§ TO DO:
Your task is to copy every line of the records below that contains "longleftrightarrow".

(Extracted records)
+ + +

lemma eigenvalue_symmetric_real:
  fixes A :: "real mat"
  assumes A: "A \<in> carrier_mat n n" and sym: "\<And>i j. i < n \<Longrightarrow> j < n \<Longrightarrow> A $$ (i, j) = A $$ (j, i)"
    and ev: "eigenvalue (map_mat complex_of_real A) l"
  shows "Im l = 0"
proof -
  \<comment> \<open>For an eigenvector \<open>v\<close>, \<open>v\<^sup>* A v = l |v|\<^sup>2\<close> is real because \<open>A\<close> is real symmetric.\<close>
  let ?Ac = "map_mat complex_of_real A"
  obtain v where v: "v \<in> carrier_vec n" "v \<noteq> 0\<^sub>v n" and Av: "?Ac *\<^sub>v v = l \<cdot>\<^sub>v v"
    using ev A unfolding eigenvalue_def eigenvector_def by auto
  define q where "q = (\<Sum>i<n. \<Sum>j<n. cnj (v $ i) * complex_of_real (A $$ (i, j)) * v $ j)"
  define S where "S = (\<Sum>i<n. (cmod (v $ i))\<^sup>2)"
  have Avi: "(?Ac *\<^sub>v v) $ i = (\<Sum>j<n. complex_of_real (A $$ (i, j)) * v $ j)" if "i < n" for i
    using that A v by (auto simp: scalar_prod_def lessThan_atLeast0 intro!: sum.cong)
  have "q = (\<Sum>i<n. cnj (v $ i) * (?Ac *\<^sub>v v) $ i)"
    unfolding q_def by (rule sum.cong[OF refl]) (simp add: Avi sum_distrib_left mult.assoc)
  also have "\<dots> = l * (\<Sum>i<n. cnj (v $ i) * v $ i)"
    using v by (simp add: Av sum_distrib_left algebra_simps)
  also have "(\<Sum>i<n. cnj (v $ i) * v $ i) = complex_of_real S"
    unfolding S_def of_real_sum
    by (intro sum.cong refl) (simp only: complex_norm_square mult.commute)
  finally have qS: "q = l * complex_of_real S" .
  have "cnj q = (\<Sum>i<n. \<Sum>j<n. v $ i * complex_of_real (A $$ (i, j)) * cnj (v $ j))"
    unfolding q_def by (simp add: cnj_sum)
  also have "\<dots> = (\<Sum>j<n. \<Sum>i<n. v $ i * complex_of_real (A $$ (i, j)) * cnj (v $ j))"
    by (rule sum.swap)
  also have "\<dots> = q"
    unfolding q_def by (intro sum.cong refl) (simp add: sym mult.commute mult.left_commute)
  finally have "Im (cnj q) = Im q" by simp
  then have "Im q = 0" by simp
  obtain k where k: "k < n" "v $ k \<noteq> 0"
  proof (rule ccontr)
    assume "\<not> thesis"
    then have "v = 0\<^sub>v n" using that v by (intro eq_vecI) auto
    then show False using v by simp
  qed
  have "(cmod (v $ k))\<^sup>2 \<le> S" unfolding S_def by (rule member_le_sum) (use k in auto)
  moreover have "(cmod (v $ k))\<^sup>2 > 0" using k by simp
  ultimately have "S > 0" by linarith
  then show "Im l = 0" using \<open>Im q = 0\<close> qS by simp
qed

lemma char_poly_symmetric_real_root:
  fixes A :: "real mat"
  assumes A: "A \<in> carrier_mat n n" and n: "n > 0"
    and sym: "\<And>i j. i < n \<Longrightarrow> j < n \<Longrightarrow> A $$ (i, j) = A $$ (j, i)"
  shows "\<exists>x. poly (char_poly A) x = 0"
proof -
  let ?Ac = "map_mat complex_of_real A"
  have Ac: "?Ac \<in> carrier_mat n n" using A by simp
  have "degree (char_poly ?Ac) = n" using degree_monic_char_poly[OF Ac] by simp
  then have "\<not> constant (poly (char_poly ?Ac))" using n constant_degree[of "char_poly ?Ac"] by simp
  then obtain l where l: "poly (char_poly ?Ac) l = 0" using fundamental_theorem_of_algebra by blast
  then have "Im l = 0"
    using eigenvalue_symmetric_real[OF A sym] eigenvalue_root_char_poly[OF Ac] by simp
  then have "l = complex_of_real (Re l)" by (simp add: complex_eq_iff)
  with l have "poly (map_poly of_real (char_poly A)) (complex_of_real (Re l)) = 0"
    by (simp add: of_real_hom.char_poly_hom[OF A])
  then have "complex_of_real (poly (char_poly A) (Re l)) = 0"
    by (simp add: of_real_hom.poly_map_poly)
  then show ?thesis by blast
qed

section \<open>Cycles in signed graphs\<close>

lemma finite_sg_edges: "finite V \<Longrightarrow> finite (sg_edges V s)"
  by (rule finite_subset[of _ "Pow V"]) (auto simp: sg_edges_def)

lemma doubleton_in_sg_edges_iff:
  assumes sg: "signed_graph V s"
  shows "{u, w} \<in> sg_edges V s \<longleftrightarrow> s u w \<noteq> 0"
proof
  assume "{u, w} \<in> sg_edges V s"
  then obtain a b where "{u, w} = {a, b}" "s a b \<noteq> 0" unfolding sg_edges_def by auto
  then show "s u w \<noteq> 0" using sg unfolding signed_graph_def by (auto simp: doubleton_eq_iff)
next
  assume "s u w \<noteq> 0"
  then show "{u, w} \<in> sg_edges V s" using sg unfolding signed_graph_def sg_edges_def by blast
qed

lemma card_incident_sg_edges:
  assumes sg: "signed_graph V s"
  shows "card {e \<in> sg_edges V s. u \<in> e} = card {w \<in> V. s u w \<noteq> 0}"
proof -
  have "{e \<in> sg_edges V s. u \<in> e} = (\<lambda>w. {u, w}) ` {w \<in> V. s u w \<noteq> 0}"
  proof
    show "{e \<in> sg_edges V s. u \<in> e} \<subseteq> (\<lambda>w. {u, w}) ` {w \<in> V. s u w \<noteq> 0}"
    proof clarify
      fix e assume "e \<in> sg_edges V s" "u \<in> e"
      then obtain a b where "e = {a, b}" "s a b \<noteq> 0" "u = a \<or> u = b"
        unfolding sg_edges_def by auto
      then have "e = {u, b} \<and> s u b \<noteq> 0 \<or> e = {u, a} \<and> s u a \<noteq> 0"
        using sg unfolding signed_graph_def by (auto simp: insert_commute)
      then show "e \<in> (\<lambda>w. {u, w}) ` {w \<in> V. s u w \<noteq> 0}"
        using sg unfolding signed_graph_def by blast
    qed
  qed (use doubleton_in_sg_edges_iff[OF sg] in auto)
  moreover have "inj_on (\<lambda>w. {u, w}) {w \<in> V. s u w \<noteq> 0}"
    by (rule inj_onI) (auto simp: doubleton_eq_iff)
  ultimately show ?thesis by (simp add: card_image)
qed

definition sg_path :: "'a set \<Rightarrow> ('a \<Rightarrow> 'a \<Rightarrow> int) \<Rightarrow> 'a list \<Rightarrow> bool" where
  "sg_path V s xs \<longleftrightarrow> xs \<noteq> [] \<and> distinct xs \<and> set xs \<subseteq> V \<and>
     (\<forall>i. Suc i < length xs \<longrightarrow> s (xs ! i) (xs ! Suc i) \<noteq> 0)"

lemma sg_path_length_le: "finite V \<Longrightarrow> sg_path V s xs \<Longrightarrow> length xs \<le> card V"
  unfolding sg_path_def by (metis card_mono distinct_card)

lemma finite_sg_paths: "finite V \<Longrightarrow> finite {xs. sg_path V s xs}"
  by (rule finite_subset[OF _ finite_lists_length_le[of V "card V"]])
    (auto simp: sg_path_length_le, auto simp: sg_path_def)

lemma is_cycle_take_sg_path:
  assumes xs: "sg_path V s xs" and j: "2 \<le> j" "j < length xs" and closing: "s (xs ! j) (xs ! 0) \<noteq> 0"
  shows "is_cycle V s (take (Suc j) xs)"
  unfolding is_cycle_def
proof (intro conjI allI impI)
  show "3 \<le> length (take (Suc j) xs)" "distinct (take (Suc j) xs)" "set (take (Suc j) xs) \<subseteq> V"
    using xs j by (auto simp: sg_path_def dest: in_set_takeD)
  fix i assume "i < length (take (Suc j) xs)"
  then have "i \<le> j" by simp
  then show "s (take (Suc j) xs ! i) (take (Suc j) xs ! ((i + 1) mod length (take (Suc j) xs))) \<noteq> 0"
    using xs j closing by (cases "i = j") (auto simp: sg_path_def)
qed

lemma ex_longest_sg_path:
  assumes "finite V" and "V \<noteq> {}"
  obtains xs where "sg_path V s xs" and "\<And>ys. sg_path V s ys \<Longrightarrow> length ys \<le> length xs"
proof -
  let ?P = "{xs. sg_path V s xs}"
  obtain v0 where "v0 \<in> V" using assms(2) by auto
  then have "[v0] \<in> ?P" by (simp add: sg_path_def)
  then have "Max (length ` ?P) \<in> length ` ?P"
    using finite_sg_paths[OF assms(1)] by (intro Max_in) auto
  then obtain xs where "sg_path V s xs" and max: "length xs = Max (length ` ?P)" by auto
  moreover have "length ys \<le> length xs" if "sg_path V s ys" for ys
    unfolding max using that finite_sg_paths[OF assms(1)] by (auto intro: Max_ge)
  ultimately show ?thesis using that by blast
qed

lemma min_degree_two_imp_cycle:
  assumes sg: "signed_graph V s" and "V \<noteq> {}"
    and deg: "\<And>v. v \<in> V \<Longrightarrow> 2 \<le> card {w \<in> V. s v w \<noteq> 0}"
  shows "\<exists>xs. is_cycle V s xs"
proof -
  have fin: "finite V" and sym: "\<And>u v. s u v = s v u" and irr: "\<And>v. s v v = 0"
    using sg by (auto simp: signed_graph_def)
  obtain xs where xs: "sg_path V s xs" and longest: "\<And>ys. sg_path V s ys \<Longrightarrow> length ys \<le> length xs"
    using ex_longest_sg_path[OF fin \<open>V \<noteq> {}\<close>] by blast
  define v where "v = xs ! 0"
  have v: "v \<in> V" using xs by (auto simp: sg_path_def v_def)
  define x where "x = (if 2 \<le> length xs then xs ! 1 else v)"
  have "\<not> {w \<in> V. s v w \<noteq> 0} \<subseteq> {x}"
    using deg[OF v] card_mono[of "{x}" "{w \<in> V. s v w \<noteq> 0}"] by auto
  then obtain u where u: "u \<in> V" "s v u \<noteq> 0" "u \<noteq> x" by auto
  have "u \<in> set xs"
  proof (rule ccontr)
    assume "u \<notin> set xs"
    with xs u have "sg_path V s (u # xs)"
      by (auto simp: sg_path_def v_def sym nth_Cons split: nat.split)
    then show False using longest by fastforce
  qed
  then obtain j where j: "j < length xs" "xs ! j = u" by (auto simp: in_set_conv_nth)
  have "j \<noteq> 0"
  proof
    assume "j = 0"
    then have "u = v" using j v_def by simp
    then show False using u irr by simp
  qed
  moreover have "j \<noteq> 1" using j u x_def by auto
  ultimately have "is_cycle V s (take (Suc j) xs)"
    using j u sym v_def by (intro is_cycle_take_sg_path[OF xs]) auto
  then show ?thesis ..
qed

lemma is_cycle_mono:
  "is_cycle V' s' xs \<Longrightarrow> V' \<subseteq> V \<Longrightarrow> (\<And>u v. s' u v \<noteq> 0 \<Longrightarrow> s u v \<noteq> 0) \<Longrightarrow> is_cycle V s xs"
  unfolding is_cycle_def by blast

lemma card_sg_edges_le_delete_vertex:
  assumes "finite V"
  shows "card (sg_edges V s)
       \<le> card (sg_edges (V - {v}) (\<lambda>x y. if x = v \<or> y = v then 0 else s x y))
         + card {e \<in> sg_edges V s. v \<in> e}"
proof -
  let ?s' = "\<lambda>x y. if x = v \<or> y = v then 0 else s x y"
  have "sg_edges V s \<subseteq> sg_edges (V - {v}) ?s' \<union> {e \<in> sg_edges V s. v \<in> e}"
    by (auto simp: sg_edges_def)
  moreover have "finite (sg_edges V s)" "finite (sg_edges (V - {v}) ?s')"
    using assms by (simp_all add: finite_sg_edges)
  ultimately have "card (sg_edges V s) \<le> card (sg_edges (V - {v}) ?s' \<union> {e \<in> sg_edges V s. v \<in> e})"
    by (intro card_mono) auto
  also have "\<dots> \<le> card (sg_edges (V - {v}) ?s') + card {e \<in> sg_edges V s. v \<in> e}"
    by (rule card_Un_le)
  finally show ?thesis .
qed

+ + +

§ FINAL ANSWER:
  shows "{u, w} \<in> sg_edges V s \<longleftrightarrow> s u w \<noteq> 0"
  "sg_path V s xs \<longleftrightarrow> xs \<noteq> [] \<and> distinct xs \<and> set xs \<subseteq> V \<and>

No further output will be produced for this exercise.